* What the task asks:
Count how many lines in the data below include "induction". Answer with the number only.

[Dataset entries]
(* Let $p$ be an odd prime and $m\in\mathbb Z_p$ with $m\not\equiv0\pmod p$. Then $$\sum_{k=0}^{p-1}\frac{\binom{2k}k^3}{(16m)^k(2k-1)^2}\equiv\Big(4-\frac{16}m\Big)\sum_{k=0}^{(p-1)/2}\frac{k\binom{2k}k^3}{(16m)^k}+\Big(1+\frac4m\Big)\sum_{k=0}^{(p-1)/2}\frac{\binom{2k}k^3}{(16m)^k}-\frac6m\sum_{k=0}^{(p-1)/2}\frac{\binom{2k}k^3}{(16m)^k(k+1)}\pmod{p^3}.$$
   Context: $\mathbb Z_p$ denotes the set of rational numbers whose denominator is not divisible by $p$; for $u,v\in\mathbb Z_p$, $u\equiv v\pmod{p^r}$ means $(u-v)/p^r\in\mathbb Z_p$. *)

theory Defs
  imports Complex_Main "HOL-Computational_Algebra.Primes"
begin

text \<open>The ring Z_p of rationals whose (reduced) denominator is not divisible by p.\<close>
definition in_Zp :: "nat \<Rightarrow> rat \<Rightarrow> bool" where
  "in_Zp p x \<longleftrightarrow> \<not> (int p dvd snd (quotient_of x))"

definition cong_Zp :: "rat \<Rightarrow> rat \<Rightarrow> nat \<Rightarrow> nat \<Rightarrow> bool" where
  "cong_Zp u v p r \<longleftrightarrow> in_Zp p ((u - v) / of_nat p ^ r)"

end

theory Submission
  imports Defs
begin

text \<open>
  Let t(k) = binom(2k,k)^3 / (16m)^k and let r(k) be the summand of the right-hand side
  (combined_term below). The ratio t(k+1)/t(k) = (2k+1)^3 / (2m(k+1)^3) yields the
  Gosper-type identity (4k+1) t(k) + t(k+1)/(2k+1)^2 = r(k) + (4k+5) t(k+1), which telescopes to
  sum_{k<=N} t(k)/(2k-1)^2 = sum_{k<N} r(k) + (4N+1) t(N).
  Take N = p - 1 = 2n. For n < k < p the prime p divides binom(2k,k), so p^3 divides t(k), and
  for k < p - 1 the denominator k + 1 of r(k) is a p-adic unit. Hence the terms r(k) with
  n < k < 2n and the boundary term (8n+1) t(2n) all vanish modulo p^3.
\<close>

lemma in_Zp_iff_fraction:
  "in_Zp p x \<longleftrightarrow> (\<exists>a b. \<not> int p dvd b \<and> x = of_int a / of_int b)"
proof
  assume "in_Zp p x"
  obtain a b where q: "quotient_of x = (a, b)" by (cases "quotient_of x")
  with \<open>in_Zp p x\<close> show "\<exists>a b. \<not> int p dvd b \<and> x = of_int a / of_int b"
    using quotient_of_div[OF q] by (auto simp: in_Zp_def)
next
  assume "\<exists>a b. \<not> int p dvd b \<and> x = of_int a / of_int b"
  then obtain a b where b: "\<not> int p dvd b" and x: "x = of_int a / of_int b" by blast
  obtain a' b' where q: "quotient_of x = (a', b')" by (cases "quotient_of x")
  have "b \<noteq> 0" "b' > 0" using b quotient_of_denom_pos[OF q] by auto
  have "of_int a / of_int b = (of_int a' / of_int b' :: rat)"
    using quotient_of_div[OF q] x by simp
  then have "a * b' = a' * b"
    using \<open>b \<noteq> 0\<close> \<open>b' > 0\<close> by (simp add: field_simps flip: of_int_mult)
  then have "b' dvd b"
    using quotient_of_coprime[OF q]
    by (metis coprime_commute coprime_dvd_mult_right_iff dvd_triv_right)
  with b q show "in_Zp p x" by (auto simp: in_Zp_def dvd_trans)
qed

lemma in_Zp_of_nat: "prime p \<Longrightarrow> in_Zp p (of_nat a)"
  by (simp add: in_Zp_def prime_nat_iff)

lemma in_Zp_numeral: "prime p \<Longrightarrow> in_Zp p (numeral a)"
  using in_Zp_of_nat[of p "numeral a"] by simp

lemma in_Zp_1: "prime p \<Longrightarrow> in_Zp p 1"
  using in_Zp_of_nat[of p 1] by simp

lemma in_Zp_one_over_nat: "\<not> p dvd a \<Longrightarrow> in_Zp p (1 / of_nat a)"
  unfolding in_Zp_iff_fraction by (intro exI[of _ 1] exI[of _ "int a"]) simp

lemma in_Zp_add:
  assumes "prime p" "in_Zp p x" "in_Zp p y"
  shows "in_Zp p (x + y)"
proof -
  obtain a b c d where "\<not> int p dvd b" "\<not> int p dvd d"
    and "x = of_int a / of_int b" "y = of_int c / of_int d"
    using assms(2,3) by (auto simp: in_Zp_iff_fraction)
  moreover from this have "b \<noteq> 0" "d \<noteq> 0" by auto
  ultimately have "\<not> int p dvd b * d" "x + y = of_int (a * d + c * b) / of_int (b * d)"
    using \<open>prime p\<close> by (auto simp: prime_dvd_mult_iff field_simps)
  then show ?thesis unfolding in_Zp_iff_fraction by blast
qed

lemma in_Zp_mult:
  assumes "prime p" "in_Zp p x" "in_Zp p y"
  shows "in_Zp p (x * y)"
proof -
  obtain a b c d where "\<not> int p dvd b" "\<not> int p dvd d"
    and "x = of_int a / of_int b" "y = of_int c / of_int d"
    using assms(2,3) by (auto simp: in_Zp_iff_fraction)
  then have "\<not> int p dvd b * d" "x * y = of_int (a * c) / of_int (b * d)"
    using \<open>prime p\<close> by (auto simp: prime_dvd_mult_iff)
  then show ?thesis unfolding in_Zp_iff_fraction by blast
qed

lemma in_Zp_uminus:
  assumes "in_Zp p x"
  shows "in_Zp p (- x)"
proof -
  obtain a b where "\<not> int p dvd b" "x = of_int a / of_int b"
    using assms by (auto simp: in_Zp_iff_fraction)
  then show ?thesis unfolding in_Zp_iff_fraction by (intro exI[of _ "- a"] exI[of _ b]) simp
qed

lemma in_Zp_diff: "prime p \<Longrightarrow> in_Zp p x \<Longrightarrow> in_Zp p y \<Longrightarrow> in_Zp p (x - y)"
  using in_Zp_add[of p x "- y"] in_Zp_uminus[of p y] by simp

lemma in_Zp_power: "prime p \<Longrightarrow> in_Zp p x \<Longrightarrow> in_Zp p (x ^ n)"
  by (induction n) (simp_all add: in_Zp_mult in_Zp_1)

lemma in_Zp_sum: "prime p \<Longrightarrow> (\<And>k. k \<in> A \<Longrightarrow> in_Zp p (f k)) \<Longrightarrow> in_Zp p (sum f A)"
  by (induction A rule: infinite_finite_induct)
    (simp_all add: in_Zp_add in_Zp_of_nat[of p 0, simplified])

lemma in_Zp_one_over_if_not_cong_0:
  assumes "prime p" "in_Zp p m" "\<not> cong_Zp m 0 p 1"
  shows "in_Zp p (1 / m)"
proof -
  obtain a b where b: "\<not> int p dvd b" and m: "m = of_int a / of_int b"
    using assms(2) by (auto simp: in_Zp_iff_fraction)
  have "\<not> int p dvd a"
  proof
    assume "int p dvd a"
    then obtain c where "a = int p * c" by blast
    then have "m / of_nat p = of_int c / of_int b" using m \<open>prime p\<close> by (simp add: field_simps)
    with b assms(3) show False by (auto simp: cong_Zp_def in_Zp_iff_fraction)
  qed
  moreover have "1 / m = of_int b / of_int a" using m by simp
  ultimately show ?thesis by (auto simp: in_Zp_iff_fraction)
qed

lemma sum_lessThan_split_at:
  fixes f :: "nat \<Rightarrow> 'a :: comm_monoid_add"
  assumes "n < N"
  shows "(\<Sum>k<N. f k) = (\<Sum>k\<le>n. f k) + (\<Sum>k\<in>{n<..<N}. f k)"
proof -
  have "{..<N} = {..n} \<union> {n<..<N}" using assms by auto
  moreover have "{..n} \<inter> {n<..<N} = {}" by auto
  ultimately show ?thesis by (simp add: sum.union_disjoint)
qed

lemma Suc_times_central_binomial_Suc:
  "Suc k * ((2 * Suc k) choose Suc k) = 2 * (2 * k + 1) * ((2 * k) choose k)"
proof -
  have sym: "Suc (2 * k) choose k = Suc (2 * k) choose Suc k"
    using binomial_symmetric[of k "Suc (2 * k)"] by simp
  have "Suc k * (Suc k * ((2 * Suc k) choose Suc k))
      = Suc k * (Suc (Suc (2 * k)) * (Suc (2 * k) choose Suc k))"
    using Suc_times_binomial[of k "Suc (2 * k)"] by (simp del: binomial_Suc_Suc add: sym)
  also have "\<dots> = Suc k * (2 * ((Suc (2 * k) choose Suc k) * Suc k))"
    by (simp del: binomial_Suc_Suc)
  also have "\<dots> = Suc k * (2 * (2 * k + 1) * ((2 * k) choose k))"
    by (simp only: Suc_times_binomial_eq[symmetric]) (simp only: Suc_eq_plus1 mult.assoc)
  finally show ?thesis by (metis mult_left_cancel Suc_neq_Zero)
qed

lemma prime_dvd_central_binomial:
  assumes "prime p" "k < p" "p \<le> 2 * k"
  shows "p dvd (2 * k) choose k"
proof -
  have "fact k * fact k * ((2 * k) choose k) = (fact (2 * k) :: nat)"
    using binomial_fact_lemma[of k "2 * k"] by simp
  moreover have "p dvd fact (2 * k)" "\<not> p dvd fact k"
    using assms by (simp_all add: prime_dvd_fact_iff)
  ultimately show ?thesis
    using \<open>prime p\<close> by (metis prime_dvd_mult_iff)
qed

definition central_cube_term :: "rat \<Rightarrow> nat \<Rightarrow> rat" where
  "central_cube_term m k = of_nat ((2 * k) choose k) ^ 3 / (16 * m) ^ k"

definition combined_term :: "rat \<Rightarrow> nat \<Rightarrow> rat" where
  "combined_term m k = (4 - 16 / m) * (of_nat k * central_cube_term m k)
     + (1 + 4 / m) * central_cube_term m k - 6 / m * (central_cube_term m k / (of_nat k + 1))"

lemma central_cube_term_Suc:
  "central_cube_term m (Suc k)
     = central_cube_term m k * (2 * of_nat k + 1) ^ 3 / (2 * m * (of_nat k + 1) ^ 3)"
proof -
  have "(of_nat k + 1 :: rat) * of_nat ((2 * Suc k) choose Suc k)
      = 2 * (2 * of_nat k + 1) * of_nat ((2 * k) choose k)"
    using arg_cong[OF Suc_times_central_binomial_Suc[of k], of rat_of_nat]
    by (simp del: binomial_Suc_Suc add: algebra_simps)
  then have C_Suc: "of_nat ((2 * Suc k) choose Suc k)
      = 2 * (2 * of_nat k + 1) * of_nat ((2 * k) choose k) / (of_nat k + 1 :: rat)"
    by (simp del: binomial_Suc_Suc add: field_simps)
  show ?thesis
    unfolding central_cube_term_def C_Suc
    by (simp add: power_mult_distrib power_divide divide_simps)
      (simp add: power3_eq_cube algebra_simps)
qed

lemma combined_term_step:
  assumes "m \<noteq> 0"
  shows "(4 * of_nat k + 1) * central_cube_term m k
           + central_cube_term m (Suc k) / (2 * of_nat k + 1) ^ 2
         = combined_term m k + (4 * of_nat k + 5) * central_cube_term m (Suc k)"
proof -
  have "(of_nat k + 1 :: rat) \<noteq> 0" "(2 * of_nat k + 1 :: rat) \<noteq> 0"
    by (simp_all add: add_pos_nonneg add.commute[of _ 1])
  with assms show ?thesis
    unfolding combined_term_def central_cube_term_Suc by (simp add: divide_simps) algebra
qed

lemma sum_central_cube_term_over_odd_squares:
  assumes "m \<noteq> 0"
  shows "(\<Sum>k\<le>N. central_cube_term m k / (2 * of_nat k - 1) ^ 2)
           = (\<Sum>k<N. combined_term m k) + (4 * of_nat N + 1) * central_cube_term m N"
proof (induction N)
  case 0
  then show ?case by (simp add: central_cube_term_def)
next
  case (Suc N)
  have "2 * of_nat (Suc N) - 1 = (2 * of_nat N + 1 :: rat)"
    and "4 * of_nat (Suc N) + 1 = (4 * of_nat N + 5 :: rat)" by simp_all
  with Suc.IH combined_term_step[OF assms, of N] show ?case
    by (simp only: sum.atMost_Suc sum.lessThan_Suc)
qed

lemma odd_prime_not_dvd_power_2:
  fixes p :: nat
  assumes "prime p" "odd p"
  shows "\<not> p dvd 2 ^ n"
proof
  assume "p dvd 2 ^ n"
  then have "p dvd 2" using \<open>prime p\<close> prime_dvd_power by blast
  then have "p = 2" using \<open>prime p\<close> by (simp add: primes_dvd_imp_eq)
  with \<open>odd p\<close> show False by simp
qed

lemma in_Zp_central_cube_term_div_cube:
  assumes "prime p" "odd p" "in_Zp p (1 / m)" "k < p" "p \<le> 2 * k"
  shows "in_Zp p (central_cube_term m k / of_nat p ^ 3)"
proof -
  obtain c where c: "(2 * k) choose k = p * c"
    using prime_dvd_central_binomial[OF assms(1,4,5)] by blast
  have "in_Zp p (1 / 16)"
    using in_Zp_one_over_nat[OF odd_prime_not_dvd_power_2[OF assms(1,2), of 4]] by simp
  with assms(1,3) have "in_Zp p (of_nat c ^ 3 * (1 / 16 * (1 / m)) ^ k)"
    by (intro in_Zp_mult in_Zp_power in_Zp_of_nat)
  moreover have "central_cube_term m k / of_nat p ^ 3 = of_nat c ^ 3 * (1 / 16 * (1 / m)) ^ k"
    using c prime_gt_0_nat[OF assms(1)]
    by (simp add: central_cube_term_def power_mult_distrib power_one_over)
  ultimately show ?thesis by simp
qed

lemma in_Zp_combined_term_div_cube:
  assumes "prime p" "odd p" "in_Zp p (1 / m)" "k + 1 < p" "p \<le> 2 * k"
  shows "in_Zp p (combined_term m k / of_nat p ^ 3)"
proof -
  define u where "u = central_cube_term m k / of_nat p ^ 3"
  have "in_Zp p u"
    unfolding u_def using assms by (intro in_Zp_central_cube_term_div_cube) simp_all
  moreover have "\<not> p dvd k + 1"
    using assms(4) by (auto dest: dvd_imp_le)
  then have "in_Zp p (1 / (of_nat k + 1))"
    using in_Zp_one_over_nat[of p "k + 1"] by (simp add: add.commute)
  ultimately have "in_Zp p (((4 - 16 * (1 / m)) * of_nat k + (1 + 4 * (1 / m))
      - 6 * (1 / m) * (1 / (of_nat k + 1))) * u)"
    using assms(1,3)
    by (intro in_Zp_add in_Zp_diff in_Zp_mult in_Zp_1 in_Zp_numeral in_Zp_of_nat)
  moreover have "combined_term m k / of_nat p ^ 3
      = ((4 - 16 * (1 / m)) * of_nat k + (1 + 4 * (1 / m))
          - 6 * (1 / m) * (1 / (of_nat k + 1))) * u"
    unfolding combined_term_def u_def by (simp add: field_simps)
  ultimately show ?thesis by simp
qed

lemma cong_sum_central_cube_term_over_odd_squares:
  assumes "prime p" "p = 2 * n + 1" "m \<noteq> 0" "in_Zp p (1 / m)"
  shows "cong_Zp (\<Sum>k\<le>2 * n. central_cube_term m k / (2 * of_nat k - 1) ^ 2)
           (\<Sum>k\<le>n. combined_term m k) p 3"
proof -
  have "odd p" "n \<ge> 1" using assms(1,2) prime_ge_2_nat[OF assms(1)] by simp_all
  have "(\<Sum>k<2 * n. combined_term m k)
      = (\<Sum>k\<le>n. combined_term m k) + (\<Sum>k\<in>{n<..<2 * n}. combined_term m k)"
    using \<open>n \<ge> 1\<close> by (intro sum_lessThan_split_at) simp
  then have "(\<Sum>k\<le>2 * n. central_cube_term m k / (2 * of_nat k - 1) ^ 2)
      - (\<Sum>k\<le>n. combined_term m k)
      = (\<Sum>k\<in>{n<..<2 * n}. combined_term m k)
        + of_nat (8 * n + 1) * central_cube_term m (2 * n)"
    using sum_central_cube_term_over_odd_squares[OF \<open>m \<noteq> 0\<close>, of "2 * n"] by simp
  then have "((\<Sum>k\<le>2 * n. central_cube_term m k / (2 * of_nat k - 1) ^ 2)
      - (\<Sum>k\<le>n. combined_term m k)) / of_nat p ^ 3
      = (\<Sum>k\<in>{n<..<2 * n}. combined_term m k / of_nat p ^ 3)
        + of_nat (8 * n + 1) * (central_cube_term m (2 * n) / of_nat p ^ 3)"
    by (simp add: add_divide_distrib sum_divide_distrib)
  moreover have "in_Zp p (\<Sum>k\<in>{n<..<2 * n}. combined_term m k / of_nat p ^ 3)"
    using assms \<open>odd p\<close> by (intro in_Zp_sum in_Zp_combined_term_div_cube) auto
  moreover have "in_Zp p (of_nat (8 * n + 1) * (central_cube_term m (2 * n) / of_nat p ^ 3))"
    using assms \<open>odd p\<close> \<open>n \<ge> 1\<close>
    by (intro in_Zp_mult in_Zp_of_nat in_Zp_central_cube_term_div_cube) auto
  ultimately show ?thesis
    unfolding cong_Zp_def using assms(1) by (simp add: in_Zp_add)
qed

theorem theorem5p2:
  fixes p :: nat and m :: rat
  assumes "prime p" and "odd p"
    and "in_Zp p m" and "\<not> cong_Zp m 0 p 1"
  shows "cong_Zp
    (\<Sum>k = 0..p - 1. of_nat ((2*k) choose k) ^ 3 / ((16*m) ^ k * (2 * of_nat k - 1) ^ 2))
    ((4 - 16 / m) * (\<Sum>k = 0..(p - 1) div 2. of_nat k * of_nat ((2*k) choose k) ^ 3 / (16*m) ^ k)
     + (1 + 4 / m) * (\<Sum>k = 0..(p - 1) div 2. of_nat ((2*k) choose k) ^ 3 / (16*m) ^ k)
     - 6 / m * (\<Sum>k = 0..(p - 1) div 2. of_nat ((2*k) choose k) ^ 3 / ((16*m) ^ k * (of_nat k + 1))))
    p 3"
proof -
  obtain n where p: "p = 2 * n + 1" using \<open>odd p\<close> oddE by blast
  have "m \<noteq> 0" using assms(4) in_Zp_of_nat[OF \<open>prime p\<close>, of 0] by (auto simp: cong_Zp_def)
  have inv_m: "in_Zp p (1 / m)" using assms in_Zp_one_over_if_not_cong_0 by blast
  have "(\<Sum>k = 0..p - 1. of_nat ((2*k) choose k) ^ 3 / ((16*m) ^ k * (2 * of_nat k - 1) ^ 2))
      = (\<Sum>k\<le>2 * n. central_cube_term m k / (2 * of_nat k - 1) ^ 2)"
    by (simp add: p atLeast0AtMost central_cube_term_def)
  moreover have "(4 - 16 / m) * (\<Sum>k = 0..(p - 1) div 2. of_nat k * of_nat ((2*k) choose k) ^ 3 / (16*m) ^ k)
     + (1 + 4 / m) * (\<Sum>k = 0..(p - 1) div 2. of_nat ((2*k) choose k) ^ 3 / (16*m) ^ k)
     - 6 / m * (\<Sum>k = 0..(p - 1) div 2. of_nat ((2*k) choose k) ^ 3 / ((16*m) ^ k * (of_nat k + 1)))
      = (\<Sum>k\<le>n. combined_term m k)"
    by (simp add: p atLeast0AtMost combined_term_def central_cube_term_def
        sum_distrib_left sum.distrib sum_subtractf)
  ultimately show ?thesis
    using cong_sum_central_cube_term_over_odd_squares[OF \<open>prime p\<close> p \<open>m \<noteq> 0\<close> inv_m]
    by simp
qed

end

* Response area:
3